---- Source data

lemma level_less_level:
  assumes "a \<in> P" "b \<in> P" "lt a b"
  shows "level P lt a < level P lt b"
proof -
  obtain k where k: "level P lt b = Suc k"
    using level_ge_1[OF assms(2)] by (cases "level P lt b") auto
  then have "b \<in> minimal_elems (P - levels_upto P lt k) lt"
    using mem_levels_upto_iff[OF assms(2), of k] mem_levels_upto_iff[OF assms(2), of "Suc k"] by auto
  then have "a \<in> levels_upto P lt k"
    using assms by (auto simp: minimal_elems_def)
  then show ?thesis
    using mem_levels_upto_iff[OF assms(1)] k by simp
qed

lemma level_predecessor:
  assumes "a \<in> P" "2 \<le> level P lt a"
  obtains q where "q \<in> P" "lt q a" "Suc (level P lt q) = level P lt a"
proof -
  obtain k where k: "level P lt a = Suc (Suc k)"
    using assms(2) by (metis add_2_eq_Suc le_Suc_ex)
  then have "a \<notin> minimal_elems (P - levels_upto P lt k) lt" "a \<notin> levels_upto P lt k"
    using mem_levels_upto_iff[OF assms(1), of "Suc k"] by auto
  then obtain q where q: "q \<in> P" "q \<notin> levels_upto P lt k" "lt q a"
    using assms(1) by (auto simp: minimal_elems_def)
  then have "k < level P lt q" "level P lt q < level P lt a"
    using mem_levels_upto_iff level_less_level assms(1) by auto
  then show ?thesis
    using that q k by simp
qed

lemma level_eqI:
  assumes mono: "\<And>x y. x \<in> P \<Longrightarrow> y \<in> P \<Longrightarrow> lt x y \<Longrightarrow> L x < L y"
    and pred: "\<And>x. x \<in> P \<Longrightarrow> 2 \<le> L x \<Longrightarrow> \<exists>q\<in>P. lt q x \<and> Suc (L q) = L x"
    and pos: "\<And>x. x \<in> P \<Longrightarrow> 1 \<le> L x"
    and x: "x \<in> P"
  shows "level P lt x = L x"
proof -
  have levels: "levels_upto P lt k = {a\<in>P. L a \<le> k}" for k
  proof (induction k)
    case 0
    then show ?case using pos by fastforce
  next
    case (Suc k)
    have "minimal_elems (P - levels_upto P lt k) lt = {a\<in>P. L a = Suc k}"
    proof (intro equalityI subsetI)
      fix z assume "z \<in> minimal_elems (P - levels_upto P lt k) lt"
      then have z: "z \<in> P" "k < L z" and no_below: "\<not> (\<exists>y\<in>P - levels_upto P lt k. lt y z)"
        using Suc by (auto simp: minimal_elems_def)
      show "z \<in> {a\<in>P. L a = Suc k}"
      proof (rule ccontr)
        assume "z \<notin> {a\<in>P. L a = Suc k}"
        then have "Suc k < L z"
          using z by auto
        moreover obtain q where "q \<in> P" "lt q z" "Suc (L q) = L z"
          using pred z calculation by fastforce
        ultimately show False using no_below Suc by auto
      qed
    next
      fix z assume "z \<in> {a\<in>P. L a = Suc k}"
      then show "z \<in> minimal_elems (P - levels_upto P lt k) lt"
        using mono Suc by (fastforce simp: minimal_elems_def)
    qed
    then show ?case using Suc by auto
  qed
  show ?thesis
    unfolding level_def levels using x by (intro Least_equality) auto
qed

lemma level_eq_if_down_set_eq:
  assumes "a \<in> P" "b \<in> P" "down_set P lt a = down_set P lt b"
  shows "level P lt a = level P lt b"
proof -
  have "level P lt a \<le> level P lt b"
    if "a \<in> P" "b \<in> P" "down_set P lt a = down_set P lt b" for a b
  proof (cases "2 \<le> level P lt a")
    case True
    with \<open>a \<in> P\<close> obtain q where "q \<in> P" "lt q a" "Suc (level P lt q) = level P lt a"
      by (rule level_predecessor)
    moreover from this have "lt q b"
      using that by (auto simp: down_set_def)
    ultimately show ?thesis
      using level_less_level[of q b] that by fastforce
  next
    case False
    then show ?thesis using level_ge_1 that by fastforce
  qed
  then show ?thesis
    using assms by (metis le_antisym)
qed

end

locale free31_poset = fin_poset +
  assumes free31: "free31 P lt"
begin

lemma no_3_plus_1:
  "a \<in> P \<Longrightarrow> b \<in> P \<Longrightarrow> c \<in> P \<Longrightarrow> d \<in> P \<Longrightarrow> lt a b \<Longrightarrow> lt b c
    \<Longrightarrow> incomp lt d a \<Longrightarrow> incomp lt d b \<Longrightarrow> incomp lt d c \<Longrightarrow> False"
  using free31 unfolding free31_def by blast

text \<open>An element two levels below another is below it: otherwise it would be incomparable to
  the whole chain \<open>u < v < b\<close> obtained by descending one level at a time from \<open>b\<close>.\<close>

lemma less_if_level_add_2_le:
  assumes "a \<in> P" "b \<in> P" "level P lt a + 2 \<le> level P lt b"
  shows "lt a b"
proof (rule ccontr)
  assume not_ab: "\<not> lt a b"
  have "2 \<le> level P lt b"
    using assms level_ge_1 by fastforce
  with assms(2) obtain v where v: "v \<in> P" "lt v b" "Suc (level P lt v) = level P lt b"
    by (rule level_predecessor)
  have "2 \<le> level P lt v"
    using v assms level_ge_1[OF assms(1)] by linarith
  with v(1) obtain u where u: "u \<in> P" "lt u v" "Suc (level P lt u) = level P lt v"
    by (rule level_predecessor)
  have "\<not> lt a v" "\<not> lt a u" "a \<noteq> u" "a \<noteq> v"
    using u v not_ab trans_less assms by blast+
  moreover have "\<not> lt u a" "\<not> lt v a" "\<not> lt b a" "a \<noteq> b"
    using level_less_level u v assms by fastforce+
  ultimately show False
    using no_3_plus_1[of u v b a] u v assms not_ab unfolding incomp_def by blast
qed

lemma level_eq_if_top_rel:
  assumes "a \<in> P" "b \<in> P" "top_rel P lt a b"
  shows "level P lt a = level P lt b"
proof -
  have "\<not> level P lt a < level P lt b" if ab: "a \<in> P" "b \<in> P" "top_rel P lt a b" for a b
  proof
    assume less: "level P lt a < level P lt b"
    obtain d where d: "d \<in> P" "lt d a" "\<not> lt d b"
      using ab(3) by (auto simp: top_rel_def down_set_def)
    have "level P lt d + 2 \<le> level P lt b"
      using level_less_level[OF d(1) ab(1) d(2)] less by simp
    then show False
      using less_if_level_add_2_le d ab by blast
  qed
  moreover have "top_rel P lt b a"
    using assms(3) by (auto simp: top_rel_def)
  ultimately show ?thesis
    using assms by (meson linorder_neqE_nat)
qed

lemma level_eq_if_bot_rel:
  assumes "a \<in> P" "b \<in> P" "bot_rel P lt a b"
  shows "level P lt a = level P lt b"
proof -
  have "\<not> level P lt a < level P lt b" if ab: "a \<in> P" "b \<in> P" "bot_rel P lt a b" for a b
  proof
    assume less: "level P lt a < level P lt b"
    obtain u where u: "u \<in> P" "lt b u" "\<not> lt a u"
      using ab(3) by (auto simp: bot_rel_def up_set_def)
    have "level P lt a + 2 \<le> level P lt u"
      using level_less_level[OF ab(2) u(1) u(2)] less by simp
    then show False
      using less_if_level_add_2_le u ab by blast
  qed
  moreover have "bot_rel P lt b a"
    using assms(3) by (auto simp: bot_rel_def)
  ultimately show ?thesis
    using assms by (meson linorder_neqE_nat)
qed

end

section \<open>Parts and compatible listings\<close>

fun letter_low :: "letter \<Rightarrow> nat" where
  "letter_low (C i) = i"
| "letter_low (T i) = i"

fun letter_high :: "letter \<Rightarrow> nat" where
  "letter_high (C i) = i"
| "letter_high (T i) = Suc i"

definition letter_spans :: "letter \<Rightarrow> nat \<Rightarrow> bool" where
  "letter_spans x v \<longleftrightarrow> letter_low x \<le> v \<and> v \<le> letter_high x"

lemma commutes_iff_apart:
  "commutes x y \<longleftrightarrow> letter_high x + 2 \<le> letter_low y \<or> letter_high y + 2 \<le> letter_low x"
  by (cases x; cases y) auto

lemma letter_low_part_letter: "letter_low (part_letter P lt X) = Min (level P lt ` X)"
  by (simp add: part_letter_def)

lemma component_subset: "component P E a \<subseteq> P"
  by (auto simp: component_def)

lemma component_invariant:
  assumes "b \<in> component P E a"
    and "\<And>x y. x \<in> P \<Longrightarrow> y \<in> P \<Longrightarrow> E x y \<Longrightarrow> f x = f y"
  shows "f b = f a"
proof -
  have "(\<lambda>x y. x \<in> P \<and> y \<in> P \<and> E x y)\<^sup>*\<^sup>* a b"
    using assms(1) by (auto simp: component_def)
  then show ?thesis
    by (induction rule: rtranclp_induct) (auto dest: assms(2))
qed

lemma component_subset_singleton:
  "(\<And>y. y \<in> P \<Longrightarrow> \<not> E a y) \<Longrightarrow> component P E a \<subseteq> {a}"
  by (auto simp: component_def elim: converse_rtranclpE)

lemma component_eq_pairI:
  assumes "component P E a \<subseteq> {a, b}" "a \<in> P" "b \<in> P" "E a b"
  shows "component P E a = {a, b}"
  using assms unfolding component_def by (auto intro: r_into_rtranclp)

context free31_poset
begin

--------
---- Source data

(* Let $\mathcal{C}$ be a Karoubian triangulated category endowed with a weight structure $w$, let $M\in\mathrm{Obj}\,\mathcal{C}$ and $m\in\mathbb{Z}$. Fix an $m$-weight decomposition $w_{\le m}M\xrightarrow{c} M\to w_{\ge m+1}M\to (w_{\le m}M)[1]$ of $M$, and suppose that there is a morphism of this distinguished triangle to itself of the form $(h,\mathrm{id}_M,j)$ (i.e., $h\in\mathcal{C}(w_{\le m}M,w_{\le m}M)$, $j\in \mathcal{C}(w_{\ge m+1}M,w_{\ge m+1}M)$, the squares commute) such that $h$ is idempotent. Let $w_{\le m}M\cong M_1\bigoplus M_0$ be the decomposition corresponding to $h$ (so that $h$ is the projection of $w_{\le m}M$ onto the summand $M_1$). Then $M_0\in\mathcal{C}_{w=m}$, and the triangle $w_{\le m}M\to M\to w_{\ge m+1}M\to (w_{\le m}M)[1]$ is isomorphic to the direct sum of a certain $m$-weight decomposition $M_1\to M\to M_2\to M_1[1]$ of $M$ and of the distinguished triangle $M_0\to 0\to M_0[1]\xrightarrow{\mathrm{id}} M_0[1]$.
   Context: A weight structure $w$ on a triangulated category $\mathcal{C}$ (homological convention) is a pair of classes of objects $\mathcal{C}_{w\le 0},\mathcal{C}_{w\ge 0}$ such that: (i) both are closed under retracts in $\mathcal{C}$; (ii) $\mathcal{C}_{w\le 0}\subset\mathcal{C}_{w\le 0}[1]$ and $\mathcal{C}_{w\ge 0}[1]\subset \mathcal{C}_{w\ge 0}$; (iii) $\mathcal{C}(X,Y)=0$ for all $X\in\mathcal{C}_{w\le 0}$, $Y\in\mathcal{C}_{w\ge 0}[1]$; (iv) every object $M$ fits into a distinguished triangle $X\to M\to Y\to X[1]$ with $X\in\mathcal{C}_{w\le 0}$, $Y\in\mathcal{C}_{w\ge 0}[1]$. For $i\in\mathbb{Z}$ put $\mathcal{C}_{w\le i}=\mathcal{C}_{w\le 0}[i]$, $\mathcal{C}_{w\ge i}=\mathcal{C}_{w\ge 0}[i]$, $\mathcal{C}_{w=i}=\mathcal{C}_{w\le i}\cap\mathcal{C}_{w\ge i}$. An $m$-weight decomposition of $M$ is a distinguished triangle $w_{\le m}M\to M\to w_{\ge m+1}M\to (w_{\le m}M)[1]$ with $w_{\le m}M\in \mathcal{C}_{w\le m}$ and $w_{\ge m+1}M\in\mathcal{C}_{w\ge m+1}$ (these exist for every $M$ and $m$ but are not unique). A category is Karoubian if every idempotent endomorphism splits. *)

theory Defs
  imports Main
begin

--------

Problem description – Every line of the data above that includes "open" should be listed.

Answer space –
    with \<open>a \<in> P\<close> obtain q where "q \<in> P" "lt q a" "Suc (level P lt q) = level P lt a"
text \<open>An element two levels below another is below it: otherwise it would be incomparable to
  the whole chain \<open>u < v < b\<close> obtained by descending one level at a time from \<open>b\<close>.\<close>
section \<open>Parts and compatible listings\<close>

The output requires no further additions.